YOUR TASK ▸
Return, in their exact form, the lines that lie between the start of the data below and the line containing "N f \<longleftrightarrow>", with both ends included.

Collected data ▸
------------------------
definition is_base :: "('a set \<Rightarrow> bool) \<Rightarrow> 'a set \<Rightarrow> bool" where
  "is_base indep B \<longleftrightarrow> indep B \<and> (\<forall>A. indep A \<and> B \<subseteq> A \<longrightarrow> A = B)"

definition submodular_on :: "'a set \<Rightarrow> ('a set \<Rightarrow> real) \<Rightarrow> bool" where
  "submodular_on N f \<longleftrightarrow>
     (\<forall>A B. A \<subseteq> N \<and> B \<subseteq> N \<longrightarrow> f (A \<union> B) + f (A \<inter> B) \<le> f A + f B)"

text \<open>One iteration (number i) of Smooth Residual Random Greedy from current set S;
  Mc i S is the base M_i of M/S chosen in iteration i.\<close>
definition srrg_step ::
  "nat \<Rightarrow> (nat \<Rightarrow> 'a set \<Rightarrow> 'a set) \<Rightarrow> nat \<Rightarrow> 'a set \<Rightarrow> 'a set pmf" where
  "srrg_step k Mc i S =
     bind_pmf (bernoulli_pmf (1 - real (card S) / real k))
       (\<lambda>b. if b then map_pmf (\<lambda>u. insert u S) (pmf_of_set (Mc i S)) else return_pmf S)"

fun srrg_dist :: "nat \<Rightarrow> (nat \<Rightarrow> 'a set \<Rightarrow> 'a set) \<Rightarrow> nat \<Rightarrow> 'a set pmf" where
  "srrg_dist k Mc 0 = return_pmf {}"
| "srrg_dist k Mc (Suc i) = bind_pmf (srrg_dist k Mc i) (srrg_step k Mc (Suc i))"

end

theory Submission
  imports Defs
begin

(* Fix S = S_(i-1) and let A = S + O_S. By Hall's theorem the bases M_i and O_S of M/S admit an
   injection h : M_i -> O_S such that S + (O_S - h u) + u is independent for every u in M_i.
   Optimality of O_(S+u) and submodularity then give
     f(O_(S+u) + S + u) >= f(A - h u + u) >= f(A) + [f(A + u) - f(A)] - [f(A) - f(A - h u)].
   Summed over u, submodularity bounds the total gain below by f(A + M_i) - f(A) >= -f(A) and
   the total loss above by f(A) - f(S), so the sum is at least (|M_i| - 2) f(A) + f(S).
   As |M_i| = k - |S|, every u in M_i is added with probability exactly 1/k, which turns this
   into the claimed inequality conditionally on S_(i-1); taking expectations concludes. *)

definition hall_condition :: "'a set \<Rightarrow> ('a \<Rightarrow> 'b set) \<Rightarrow> bool" where
  "hall_condition X G \<longleftrightarrow> (\<forall>Y\<subseteq>X. card Y \<le> card (\<Union>(G ` Y)))"

definition distinct_representatives :: "'a set \<Rightarrow> ('a \<Rightarrow> 'b set) \<Rightarrow> ('a \<Rightarrow> 'b) \<Rightarrow> bool" where
  "distinct_representatives X G h \<longleftrightarrow> inj_on h X \<and> (\<forall>x\<in>X. h x \<in> G x)"

lemma hall_condition_subset: "hall_condition X G \<Longrightarrow> Y \<subseteq> X \<Longrightarrow> hall_condition Y G"
  unfolding hall_condition_def by blast

lemma hall_condition_singleton:
  assumes "hall_condition X G" "x \<in> X"
  shows "0 < card (G x)"
proof -
  have "card {x} \<le> card (\<Union>(G ` {x}))"
    using assms unfolding hall_condition_def by (meson empty_subsetI insert_subset)
  then show ?thesis by simp
qed

lemma distinct_representatives_glue:
  assumes "Y \<subseteq> X"
    and h1: "distinct_representatives Y (\<lambda>x. G x \<inter> U) h1"
    and h2: "distinct_representatives (X - Y) (\<lambda>x. G x - U) h2"
  shows "distinct_representatives X G (\<lambda>x. if x \<in> Y then h1 x else h2 x)"
proof -
  have sep: "h1 x \<noteq> h2 y" if "x \<in> Y" "y \<in> X - Y" for x y
    using h1 h2 that unfolding distinct_representatives_def by (metis DiffD2 IntD2)
  then show ?thesis
    using h1 h2 \<open>Y \<subseteq> X\<close> unfolding distinct_representatives_def inj_on_def
    by (auto; metis DiffI)
qed

lemma hall_condition_remove_tight:
  assumes hall: "hall_condition X G" and "finite X" and Y: "Y \<subseteq> X"
    and tight: "card (\<Union>(G ` Y)) = card Y"
  shows "hall_condition (X - Y) (\<lambda>x. G x - \<Union>(G ` Y))"
  unfolding hall_condition_def
proof (intro allI impI)
  fix Z assume Z: "Z \<subseteq> X - Y"
  have fin: "finite Z" "finite Y" using Z Y \<open>finite X\<close> finite_subset by blast+
  have "card Z + card Y = card (Z \<union> Y)"
    using Z fin by (subst card_Un_disjoint) auto
  also have "\<dots> \<le> card (\<Union>(G ` (Z \<union> Y)))"
    using hall Z Y unfolding hall_condition_def by (metis Diff_subset Un_least order_trans)
  also have "\<Union>(G ` (Z \<union> Y)) = (\<Union>x\<in>Z. G x - \<Union>(G ` Y)) \<union> \<Union>(G ` Y)" by blast
  also have "card \<dots> \<le> card (\<Union>x\<in>Z. G x - \<Union>(G ` Y)) + card Y"
    using card_Un_le tight by metis
  finally show "card Z \<le> card (\<Union>x\<in>Z. G x - \<Union>(G ` Y))" by simp
qed

lemma hall_condition_remove_slack:
  assumes hall: "hall_condition X G" and x: "x \<in> X"
    and slack: "\<And>Y. Y \<subseteq> X \<Longrightarrow> Y \<noteq> {} \<Longrightarrow> Y \<noteq> X \<Longrightarrow> card Y < card (\<Union>(G ` Y))"
  shows "hall_condition (X - {x}) (\<lambda>z. G z - {y})"
  unfolding hall_condition_def
proof (intro allI impI)
  fix Z assume Z: "Z \<subseteq> X - {x}"
  define W where "W = (\<Union>z\<in>Z. G z - {y})"
  show "card Z \<le> card W"
  proof (cases "Z = {}")
    case False
    have "card Z < card (\<Union>(G ` Z))" using slack[of Z] Z False x by blast
    also have "\<dots> \<le> card ({y} \<union> W)"
    proof (rule card_mono)
      have "finite (\<Union>(G ` Z))" by (rule card_ge_0_finite) (use calculation in linarith)
      then show "finite ({y} \<union> W)" unfolding W_def by (simp add: finite_subset)
    qed (auto simp: W_def)
    also have "\<dots> \<le> card W + 1" using card_Un_le[of "{y}" W] by simp
    finally show ?thesis by simp
  qed (simp add: W_def)
qed

(* Halmos-Vaughan: a tight proper subfamily and its complement are matched separately;
   if there is none, every proper subfamily has slack and x may take any element of G x. *)
theorem Hall_marriage:
  assumes "finite X" "hall_condition X G"
  shows "\<exists>h. distinct_representatives X G h"
  using assms
proof (induction "card X" arbitrary: X G rule: less_induct)
  case less
  note hyps = less.hyps[rule_format] and fin = less.prems(1) and hall = less.prems(2)
  show ?case
  proof (cases "\<exists>Y. Y \<subseteq> X \<and> Y \<noteq> {} \<and> Y \<noteq> X \<and> card (\<Union>(G ` Y)) = card Y")
    case True
    then obtain Y where Y: "Y \<subseteq> X" "Y \<noteq> {}" "Y \<noteq> X" and tight: "card (\<Union>(G ` Y)) = card Y"
      by blast
    have "finite Y" using Y(1) fin by (rule finite_subset)
    have "card Y < card X" using Y fin by (meson psubsetI psubset_card_mono)
    then obtain h1 where "distinct_representatives Y G h1"
      using hyps \<open>finite Y\<close> hall_condition_subset[OF hall Y(1)] by blast
    then have h1: "distinct_representatives Y (\<lambda>x. G x \<inter> \<Union>(G ` Y)) h1"
      unfolding distinct_representatives_def by blast
    have "0 < card Y" using \<open>finite Y\<close> Y(2) by (simp add: card_gt_0_iff)
    then have "card (X - Y) < card X"
      using Y(1) \<open>finite Y\<close> \<open>card Y < card X\<close> by (simp add: card_Diff_subset)
    then obtain h2 where "distinct_representatives (X - Y) (\<lambda>x. G x - \<Union>(G ` Y)) h2"
      using hyps fin hall_condition_remove_tight[OF hall fin Y(1) tight] by blast
    with h1 show ?thesis using distinct_representatives_glue[OF Y(1)] by blast
  next
    case False
    show ?thesis
    proof (cases "X = {}")
      case True
      then show ?thesis unfolding distinct_representatives_def by simp
    next
      case False
      then obtain x where x: "x \<in> X" by blast
      have slack: "card Y < card (\<Union>(G ` Y))" if "Y \<subseteq> X" "Y \<noteq> {}" "Y \<noteq> X" for Y
        using \<open>\<nexists>Y. _\<close> hall that unfolding hall_condition_def by (metis le_neq_implies_less)
      obtain y where y: "y \<in> G x"
        using hall_condition_singleton[OF hall x] by (metis card.empty ex_in_conv less_irrefl)
      have h1: "distinct_representatives {x} (\<lambda>z. G z \<inter> {y}) (\<lambda>_. y)"
        using y unfolding distinct_representatives_def by simp
      have "card (X - {x}) < card X" using fin x by (rule card_Diff1_less)
      then obtain h2 where "distinct_representatives (X - {x}) (\<lambda>z. G z - {y}) h2"
        using hyps fin hall_condition_remove_slack[OF hall x slack] by blast
      with h1 show ?thesis using distinct_representatives_glue[of "{x}" X] x by blast
    qed
  qed
qed

locale finite_matroid =
  fixes N :: "'a set" and indep :: "'a set \<Rightarrow> bool"
  assumes matroid: "matroid N indep"
begin

lemma finite_ground: "finite N"
  using matroid unfolding matroid_def by blast

lemma indep_empty: "indep {}"
  using matroid unfolding matroid_def by blast

lemma indep_subset_ground: "indep A \<Longrightarrow> A \<subseteq> N"
  using matroid unfolding matroid_def by blast

lemma indep_finite: "indep A \<Longrightarrow> finite A"
  using finite_ground indep_subset_ground finite_subset by blast

lemma indep_subset: "indep B \<Longrightarrow> A \<subseteq> B \<Longrightarrow> indep A"
  using matroid unfolding matroid_def by blast

lemma indep_augment:
  "indep A \<Longrightarrow> indep B \<Longrightarrow> card A < card B \<Longrightarrow> \<exists>x\<in>B - A. indep (insert x A)"
  using matroid unfolding matroid_def by blast

lemma indep_extend:
  assumes "indep K" "indep B"
  shows "\<exists>K'. K \<subseteq> K' \<and> K' \<subseteq> K \<union> B \<and> indep K' \<and> card B \<le> card K'"
  using assms(1)
proof (induction "card B - card K" arbitrary: K rule: less_induct)
  case less
  show ?case
  proof (cases "card B \<le> card K")
    case False
    then obtain x where x: "x \<in> B - K" "indep (insert x K)"
      using indep_augment[OF less.prems \<open>indep B\<close>] by auto
    then have "card B - card (insert x K) < card B - card K"
      using False indep_finite[OF less.prems] by simp
    from less.hyps[OF this x(2)] show ?thesis using x by blast
  qed (use less.prems in blast)
qed

lemma finite_card_indep: "finite (card ` {A. indep A})"
  using finite_ground indep_subset_ground
  by (metis (no_types, lifting) Pow_iff finite_Pow_iff finite_imageI finite_subset mem_Collect_eq subsetI)

lemma card_indep_le_rank: "indep A \<Longrightarrow> card A \<le> matroid_rank indep"
  unfolding matroid_rank_def using finite_card_indep by simp

lemma ex_indep_card_rank: "\<exists>A. indep A \<and> card A = matroid_rank indep"
proof -
  have "card ` {A. indep A} \<noteq> {}" using indep_empty by blast
  from Max_in[OF finite_card_indep this] show ?thesis unfolding matroid_rank_def by auto
qed

abbreviation contract_base :: "'a set \<Rightarrow> 'a set \<Rightarrow> bool" where
  "contract_base S B \<equiv> is_base (contract_indep N indep S) B"

lemma contract_base_subset: "contract_base S B \<Longrightarrow> B \<subseteq> N - S"
  and contract_base_indep: "contract_base S B \<Longrightarrow> indep (B \<union> S)"
  and contract_base_maximal:
    "contract_base S B \<Longrightarrow> A \<subseteq> N - S \<Longrightarrow> indep (A \<union> S) \<Longrightarrow> B \<subseteq> A \<Longrightarrow> A = B"
  unfolding is_base_def contract_indep_def by blast+

lemma contract_base_finite: "contract_base S B \<Longrightarrow> finite B"
  and contract_base_finite_contracted: "contract_base S B \<Longrightarrow> finite S"
  using contract_base_indep indep_finite by blast+

lemma card_contract_base:
  assumes B: "contract_base S B"
  shows "card B + card S = matroid_rank indep"
proof -
  have card_Un: "card (B \<union> S) = card B + card S"
    using contract_base_subset[OF B] contract_base_finite[OF B] contract_base_finite_contracted[OF B]
    by (subst card_Un_disjoint) auto
  have "\<not> card (B \<union> S) < matroid_rank indep"
  proof
    assume "card (B \<union> S) < matroid_rank indep"
    moreover obtain A where "indep A" "card A = matroid_rank indep" using ex_indep_card_rank by blast
    ultimately obtain x where x: "x \<in> A - (B \<union> S)" "indep (insert x (B \<union> S))"
      using indep_augment contract_base_indep[OF B] by metis
    then have xB: "insert x B \<subseteq> N - S"
      using contract_base_subset[OF B] indep_subset_ground[OF \<open>indep A\<close>] by auto
    then have "insert x B = B" using contract_base_maximal[OF B xB] x(2) by auto
    then show False using x(1) by blast
  qed
  then show ?thesis using card_indep_le_rank[OF contract_base_indep[OF B]] card_Un by linarith
qed

lemma contract_base_exchange:
  assumes B: "contract_base S B" and I: "I \<subseteq> B" and y: "y \<in> N - S" "y \<notin> I"
    and indep_y: "indep (insert y (S \<union> I))"
  shows "\<exists>e\<in>B - I. indep (insert y (S \<union> (B - {e})))"
proof (cases "y \<in> B")
  case True
  then have "insert y (S \<union> (B - {y})) = B \<union> S" by blast
  then show ?thesis using True y(2) contract_base_indep[OF B] by (metis DiffI)
next
  case False
  \<comment> \<open>Extend S + I + y to full rank inside B + S + y; exactly one e in B - I is left out.\<close>
  obtain K where K: "insert y (S \<union> I) \<subseteq> K" "K \<subseteq> insert y (S \<union> I) \<union> (B \<union> S)"
    "indep K" "card (B \<union> S) \<le> card K"
    using indep_extend[OF indep_y contract_base_indep[OF B]] by blast
  have "\<not> indep (insert y B \<union> S)"
  proof
    assume "indep (insert y B \<union> S)"
    moreover have "insert y B \<subseteq> N - S" using contract_base_subset[OF B] y(1) by blast
    ultimately show False using contract_base_maximal[OF B] False by blast
  qed
  then have "K \<noteq> insert y B \<union> S" using K(3) by blast
  moreover have "K \<subseteq> insert y B \<union> S" using K(2) I by blast
  ultimately obtain e where e: "e \<in> insert y B \<union> S" "e \<notin> K" by blast
  then have "e \<in> B - I" using K(1) by blast
  define W where "W = insert y (S \<union> (B - {e}))"
  have "finite W" "K \<subseteq> W"
    using contract_base_finite[OF B] contract_base_finite_contracted[OF B] e K(2) I
    unfolding W_def by auto
  have "W = insert y ((B \<union> S) - {e})"
    using \<open>e \<in> B - I\<close> contract_base_subset[OF B] unfolding W_def by blast
  then have "card W = card (B \<union> S)"
    using \<open>e \<in> B - I\<close> False y(1) \<open>finite W\<close> card_Suc_Diff1[of "B \<union> S" e]
    by (simp add: card_insert_if)
  then have "K = W" using card_seteq[OF \<open>finite W\<close> \<open>K \<subseteq> W\<close>] K(4) by simp
  then show ?thesis using K(3) \<open>e \<in> B - I\<close> unfolding W_def by blast
qed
------------------------
ANSWER FOR THE TASK ▸
definition is_base :: "('a set \<Rightarrow> bool) \<Rightarrow> 'a set \<Rightarrow> bool" where
  "is_base indep B \<longleftrightarrow> indep B \<and> (\<forall>A. indep A \<and> B \<subseteq> A \<longrightarrow> A = B)"

definition submodular_on :: "'a set \<Rightarrow> ('a set \<Rightarrow> real) \<Rightarrow> bool" where
  "submodular_on N f \<longleftrightarrow>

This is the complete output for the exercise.